Tuesday, April 19, 2016

Simon of the Desert (Buñuel. 1965)

"I'm beginning to realize I don't realize what I'm saying..."


It was obvious before watching Luis Buñuel's Simon of the Desert that the greatest director of the surrealist movement loathed the Catholic church. I have yet to see a film by Buñuel that does not use iconoclastic visuals and unorthodox dialogue against the church. In that respect, Simon is no different. What is particularly interesting about this 45 minute masterpiece is the sharp contrast between the followers of religion and the religion itself - almost as if  Buñuel was using this work as a type of pamphlet on what he viewed as dangerous in religion.

Simon is played stoically by Claudio Brook and is very loosely based on the Syrian 5th-century saint Simeon Stylites. He has stood for an astounding 6 years, 6 months, and 6 days atop a giant pillar in an attempt to show his loyalty to the Lord. This is the type of self-punishment that Buñuel believed belittled the loving message of Christ.

In an early scene - the ascetic Simon finally descends from his pillar - only to climb his ladder to the top of a higher pillar that has been gifted to him by local priests. Is Simon now standing closer to the heavens? Looking down on those less committed to the Lord? Or is this extreme isolation from the people on the ground an allusion to how Christians view the love message in comparison to the suffering of Jesus? 
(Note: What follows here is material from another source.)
(* Assume the Nested Logit model with outside option described in the context satisfies Assumptions 1 and 2, and suppose the true choice probabilities $\phi(i,S)$ are known for all $S \in \mathcal{S} \cup \{[n]\}$ and all $i \in S \cup \{0\}$ (so all boost factors $\mathsf{BF}(i,S)$, $S\in\mathcal S$, $i\in S\cup\{0\}$, are known exactly). Then the matrix $E$ returned by Algorithm 1 (described in the context) satisfies $E[i,j] = \mathbf{1}(N(i) = N(j))$ for all $i \neq j$ in $[n]$.
   Context: Items: $[n]=\{1,\dots,n\}$ with $n\ge 2$. Experiment design: fix an integer base $b \ge 2$, let $L = \lceil \log_b n \rceil$, and fix an injective map $\sigma: [n] \to \{0,\dots,b-1\}^L$, writing $\sigma_\ell(i)$ for its $\ell$-th coordinate. For $\ell \in \{1,\dots,L\}$ and $d \in \{0,\dots,b-1\}$ let $S_{\ell,-d} = \{i \in [n] : \sigma_\ell(i) \neq d\}$, and let $\mathcal{S} = \{S_{\ell,-d}\}_{\ell,d}$; the control assortment $[n]$ is also offered. Nested Logit model with outside option: $\mathcal{N}$ is a partition of $[n]$ into nonempty disjoint nests; $N(i)$ denotes the nest containing $i$. Each item has a weight $v_i > 0$, each nest $N$ a parameter $\lambda_N \in [0,1]$, and each nest with $\lambda_N = 0$ an additional weight $v_N > 0$. For $S \subseteq [n]$ set $v_N(S) = (\sum_{i \in N \cap S} v_i)^{\lambda_N}$ if $\lambda_N \in (0,1]$ and $v_N(S) = v_N \mathbf{1}(N \cap S \neq \emptyset)$ if $\lambda_N = 0$. For $i \in S$, $\phi(i,S) = \frac{v_{N(i)}(S)}{1 + \sum_{N \in \mathcal{N}} v_N(S)} \cdot \frac{v_i}{\sum_{j \in N(i) \cap S} v_j}$, and $\phi(0,S) = \frac{1}{1 + \sum_{N \in \mathcal{N}} v_N(S)}$. Boost factor: $\mathsf{BF}(i,S) = \phi(i,S)/\phi(i,[n])$ for $S \in \mathcal{S}$, $i \in S \cup \{0\}$. Multiplier: $\mathsf{Mult}(N,S) = \left(\frac{\sum_{j \in N} v_j}{\sum_{j \in N \cap S} v_j}\right)^{1-\lambda_N}$. Assumption 1: $\lambda_N = 1$ iff $|N| = 1$. Assumption 2: for every $S \in \mathcal{S}$ and distinct nests $N \neq N'$ with $\emptyset \neq N \cap S \neq N$ and $\emptyset \neq N' \cap S \neq N'$, $\mathsf{Mult}(N,S) \neq \mathsf{Mult}(N',S)$. Algorithm 1 maintains a symmetric matrix $E$ with entries $E[i,j] \in \{0,1,\text{null}\}$ for $i \neq j$ (every assignment to $E[i,j]$ is also made to $E[j,i]$), initially all null. (1) For each $S \in \mathcal{S}$ (in any order): for each pair of distinct $i,j \in S$, if $\mathsf{BF}(i,S) \neq \mathsf{BF}(j,S)$ set $E[i,j] \gets 0$; else if $\mathsf{BF}(i,S) = \mathsf{BF}(j,S) > \mathsf{BF}(0,S)$ set $E[i,j] \gets 1$. Then, with $\mathrm{NoBoost} = \{i \in S : \mathsf{BF}(i,S) = \mathsf{BF}(0,S)\}$, set $E[i,k] \gets 0$ for all $i \in \mathrm{NoBoost}$ and all $k \notin S$. (2) One-hop transitivity: compute the set of pairs $(i,j)$ with $E[i,j] = \text{null}$ for which some $k \notin \{i,j\}$ has $E[i,k] = E[j,k] = 1$, and set $E[i,j] \gets 1$ for all such pairs. (3) Identify missing pairs: compute the set of pairs $(i,j)$ with $E[i,j] = \text{null}$ such that $E[i,k] \neq 1$ and $E[j,k] \neq 1$ for all $k \notin \{i,j\}$, and set $E[i,j] \gets 1$ for all such pairs. (4) Set every remaining null entry to $0$ and return $E$. *)

theory Defs
  imports Complex_Main "HOL-Library.Disjoint_Sets"
begin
Buñuel was not necessarily anti-God, but rather anti-hypocrite. He detested the masses of people who identified as Christians, yet focused on all of the wrong aspects of the Message. Today - we call them social conservatives. These are people who have inflated the suffering of Christ to an almost masturbatory level of importance. They follow Christ by not only stifling themselves, but also by stifling the rest of the world. Would Jesus want His followers to painstakingly estrange themselves from society to prove their loyalty, or would He rather His people fill the world with love?

Simon performs a miracle in which he reattaches hands to a man who had had them severed for stealing. Inherently, this is an act of forgiveness and mercy over cruel justice. Almost immediately, the begging man uses his reattached hands to slap his child. This is a perfect example of Buñuel's wry sense of humor. Followers have become complacent in the message of Christ, while still doing what they can to reap the benefits of their religious fraternity. They have become detached from Christ's teachings while simultaneously perpetuating His pain.

But the followers are not the only ones who have lost the Message. Simon himself begins to doubt his own loyalties when the Devil (played by Buñuel-regular Silvia Pinal) comes to tempt him to the ground. She first appears as an innocent, perhaps unknowingly libidinous young girl, and is denied by Simon. In what might be the most surreal scene in the film, her second visit has her disguised as Jesus. The final visit sees the Devil gliding through the desert in a coffin - wearing nothing but a toga - with her naked left-breast cupped in hand.

Each of these visits from the Devil evoke a sense that the church has always been obsessed with the female body. In modern times this has not changed. The church longs to own the female form; they want to control it to endorse their message. It is very easy to keep holy men from having sex when their teachings imply that the female body is sin. Buñuel knows about this fixation, and playfully uses it as a way to tempt the titular character.

I will not spoil how it all ends, but I will say it is not the ending you might expect. Though the film is technically the third of an anti-religious trilogy - Viridiana, The Exterminating Angel - that was sparked after Buñuel's second exile from Spain to Mexico - Simon of the Desert is just as good when watched individually.